= Sakchai Makao =

Thailand native

Sakchai Makao is a Thailand native who moved in 1993 to the islands of Shetland in Scotland. Sakchai was 10 years old at the time. In 2004 Sakchai was involved in crime which led to him being charged and convicted of "wilful fire-raising". In 2006, at the age of 23, Sakchai was detained under the UK Immigration Act during a dawn raid of his house by police and immigration officers in Lerwick (Shetland). He was immediately transported to the Scottish mainland at a facility in Aberdeen to be held until a deportation hearing could be held.

Sakchai was an accomplished athlete, competing for Shetland, as well as Scotland at a national level. At the time of his detention he was working as a lifeguard at a local recreation facility.

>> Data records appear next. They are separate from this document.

text \<open>Swap the first position \<open>i\<close> where the weights differ with the first wedge of \<open>w1\<close> to
  its right; this moves a vee of \<open>w1\<close> to the right and keeps it dominating \<open>w2\<close>.\<close>
lemma bruhat_step_towards:
  assumes "w1 \<noteq> w2"
  obtains w1' where "bruhat_step w1 w1'" "dominated P w1' w2" "down_measure P w1' < down_measure P w1"
proof -
  obtain i where iP: "i \<in> P" and i: "w1 i = Some Down" "w2 i = Some Up" "\<And>p. p < i \<Longrightarrow> w1 p = w2 p"
    using first_difference[OF assms] by blast
  define J where "J = {p. i < p \<and> w1 p = Some Up}"
  have "J \<subseteq> P" unfolding J_def using support1 by auto
  then have finJ: "finite J" using finite_subset finite_P by blast
  have "J \<noteq> {}" using up_after_first_difference[OF i] unfolding J_def by blast
  define j where "j = Min J"
  have j: "i < j" "w1 j = Some Up" using Min_in[OF finJ \<open>J \<noteq> {}\<close>] unfolding j_def J_def by auto
  have jP: "j \<in> P" using j support1 by auto
  have between: "w1 p = Some Down" if "p \<in> P" "i < p" "p < j" for p
  proof -
    have "p \<notin> J" using Min_le[OF finJ] that unfolding j_def by force
    then show ?thesis using that support1[of p] unfolding J_def by auto
  qed
  define w1' where "w1' = w1(i := Some Up, j := Some Down)"
  have "bruhat_step w1 w1'" unfolding bruhat_step_def w1'_def using i j by blast
  moreover have "dominated P w1' w2"
  proof
    show "w1' p \<in> {Some Down, Some Up} \<longleftrightarrow> p \<in> P" for p
      unfolding w1'_def using support1[of p] iP jP by auto
    show "p \<notin> P \<Longrightarrow> w1' p = w2 p" for p unfolding w1'_def using agree iP jP by auto
    show "downs_below w2 v \<le> downs_below w1' v" for v
      unfolding w1'_def using dominated_swap[OF i j between] .
    have "{p. w1' p = Some Down} = insert j ({p. w1 p = Some Down} - {i})"
      unfolding w1'_def using j by auto
    moreover have fin: "finite {p. w1 p = Some Down}" using finite_downs[of w1 "\<lambda>_. True"] by simp
    ultimately have "card {p. w1' p = Some Down} = Suc (card ({p. w1 p = Some Down} - {i}))"
      using j(2) by simp
    also have "\<dots> = card {p. w1 p = Some Down}"
      using card_Suc_Diff1[OF fin, of i] i(1) by simp
    finally show "card {p. w1' p = Some Down} = card {p. w2 p = Some Down}" using total by simp
  qed (use finite_P support2 in auto)
  moreover have "down_measure P w1' < down_measure P w1"
  proof -
    let ?f = "\<lambda>p. nat (Max P - p)" and ?D = "{p\<in>P. w1 p = Some Down}"
    have D': "{p\<in>P. w1' p = Some Down} = insert j (?D - {i})" unfolding w1'_def using j jP by auto
    have "finite ?D" "i \<in> ?D" "j \<notin> ?D" using finite_P iP i j by auto
    then have "down_measure P w1' = ?f j + sum ?f (?D - {i})"
      unfolding down_measure_def D' by (subst sum.insert) auto
    moreover have "sum ?f (?D - {i}) = down_measure P w1 - ?f i"
      unfolding down_measure_def using sum_diff1_nat[of ?f ?D i] \<open>i \<in> ?D\<close> by simp
    moreover have "?f i \<le> down_measure P w1"
      unfolding down_measure_def using \<open>finite ?D\<close> \<open>i \<in> ?D\<close> by (intro member_le_sum) auto
    moreover have "?f j < ?f i" using j Max_ge[OF finite_P jP] by simp
    ultimately show ?thesis by linarith
  qed
  ultimately show ?thesis using that by blast
qed

end

theorem dominated_bruhat_le: "dominated P w1 w2 \<Longrightarrow> bruhat_le w1 w2"
proof (induction "down_measure P w1" arbitrary: w1 rule: less_induct)
  case less
  interpret dominated P w1 w2 by (fact less.prems)
  show ?case
  proof (cases "w1 = w2")
    case False
    then obtain w1' where "bruhat_step w1 w1'" "bruhat_le w1' w2"
      using bruhat_step_towards less.hyps by metis
    then show ?thesis unfolding bruhat_le_def by (simp add: converse_rtranclp_into_rtranclp)
  qed (simp add: bruhat_le_def)
qed

text \<open>Each arc of an oriented diagram carries exactly one vee.\<close>
definition down_end :: "weight \<Rightarrow> int \<times> int \<Rightarrow> int" where
  "down_end w e = (if w (fst e) = Some Down then fst e else snd e)"

lemma down_end_bij:
  assumes X: "arc_diagram X" and w: "arc_oriented X w"
  shows "bij_betw (down_end w) X {p. w p = Some Down}"
proof -
  have alt: "arcs_alternate X w" using arc_oriented_alternate[OF w] .
  have down: "w (down_end w e) = Some Down" if "e \<in> X" for e
    using arcs_alternateD[OF alt, of "fst e" "snd e"] that unfolding down_end_def by auto
  have "{p. w p = Some Down} \<subseteq> down_end w ` X"
  proof
    fix p assume p: "p \<in> {p. w p = Some Down}"
    then have "p \<in> arc_ends X" using arc_ends_oriented[OF w] by simp
    then obtain q where "(p,q) \<in> X \<or> (q,p) \<in> X" unfolding arc_ends_def by blast
    then show "p \<in> down_end w ` X"
      using p arcs_alternateD[OF alt, of q p] unfolding down_end_def by force
  qed
  moreover have "inj_on (down_end w) X"
  proof (rule inj_onI, rule ccontr)
    fix e e' assume "e \<in> X" "e' \<in> X" "down_end w e = down_end w e'" "e \<noteq> e'"
    then show False using arc_diagram_arcD[OF X] unfolding down_end_def by (auto split: if_splits)
  qed
  ultimately show ?thesis using down unfolding bij_betw_def by blast
qed

lemma card_downs_eq_card_arcs:
  "arc_diagram X \<Longrightarrow> arc_oriented X w \<Longrightarrow> card {p. w p = Some Down} = card X"
  using down_end_bij bij_betw_same_card by metis

text \<open>A vee left of \<open>v\<close> is either the vee of an arc ending left of \<open>v\<close> or the left end of an
  arc spanning \<open>v\<close>.\<close>
lemma downs_below_arcs:
  assumes X: "arc_diagram X" and w: "arc_oriented X w"
  shows "downs_below w v = card {e\<in>X. snd e < v} + card {e\<in>X. spans v e \<and> w (fst e) = Some Down}"
proof -
  let ?A = "{e\<in>X. snd e < v}" and ?B = "{e\<in>X. spans v e \<and> w (fst e) = Some Down}"
  have bij: "bij_betw (down_end w) X {p. w p = Some Down}" using down_end_bij[OF X w] .
  have lt: "fst e < snd e" if "e \<in> X" for e using arc_fst_less_snd[OF X that] .
  have "{p. p < v \<and> w p = Some Down} = down_end w ` (?A \<union> ?B)"
  proof (intro set_eqI iffI)
    fix p assume p: "p \<in> {p. p < v \<and> w p = Some Down}"
    then obtain e where e: "e \<in> X" "p = down_end w e" using bij unfolding bij_betw_def by blast
    then have "e \<in> ?A \<union> ?B" using p lt[OF e(1)] unfolding down_end_def spans_def by (auto split: if_splits)
    then show "p \<in> down_end w ` (?A \<union> ?B)" using e by blast
  next
    fix p assume "p \<in> down_end w ` (?A \<union> ?B)"
    then obtain e where e: "e \<in> ?A \<union> ?B" "p = down_end w e" by blast
    then have "w p = Some Down" using bij unfolding bij_betw_def by blast
    moreover have "p < v" using e lt[of e] unfolding down_end_def spans_def by (auto split: if_splits)
    ultimately show "p \<in> {p. p < v \<and> w p = Some Down}" by simp
  qed
  moreover have "inj_on (down_end w) (?A \<union> ?B)"
    using bij inj_on_subset[of _ X "?A \<union> ?B"] unfolding bij_betw_def by blast
  moreover have "finite X" using arc_diagram_finite[OF X] .
  moreover have "?A \<inter> ?B = {}" unfolding spans_def by auto
  ultimately show ?thesis unfolding downs_below_def by (simp add: card_image card_Un_disjoint)
qed

lemma same_block_fixed:
  assumes "same_block w0 v" "v p \<notin> {Some Down, Some Up} \<or> w0 p \<notin> {Some Down, Some Up}"
  shows "v p = w0 p"
proof -
  obtain \<pi> where \<pi>: "bij \<pi>" "\<forall>i. \<pi> i \<noteq> i \<longrightarrow> w0 i \<in> {Some Down, Some Up}" "v = w0 \<circ> \<pi>"
    using assms(1) unfolding same_block_def by blast
  show ?thesis
  proof (cases "\<pi> p = p")
    case False
    have "\<pi> (\<pi> p) \<noteq> \<pi> p" using False bij_is_inj[OF \<pi>(1)] by (metis injD)
    then have "w0 (\<pi> p) \<in> {Some Down, Some Up}" "w0 p \<in> {Some Down, Some Up}" using \<pi>(2) False by blast+
    then show ?thesis using assms(2) \<pi>(3) by simp
  qed (use \<pi> in simp)
qed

In 2006, the Home Office started a campaign to request the deportation of immigrants with criminal records. When Sakchai was threatened with deportation in 2006, the people of Shetland came together to support him. The 'Shetland for Sakchai' campaign was started, with over 8,000 people from numerous countries signing petitions to release him. Fundraising events were held to pay his legal costs, and there was much publicity and support in the local, national and international press. The Shetlink community website hosted a petition, information point and discussion forum during the campaign.

Eventually Sakchai was freed on bail on 20 June 2006. A hearing on 7 July 2006 saw Sakchai's appeal being upheld, and Sakchai was free to return to Shetland.

The 'Shetland for Sakchai' campaign won 'Public Campaign of the Year' at the Scottish Politician of the Year awards and the 'Willie Leitch Trophy' for 'Campaign of the Year' (presented by the Aberdeen Central Liberal Democrats)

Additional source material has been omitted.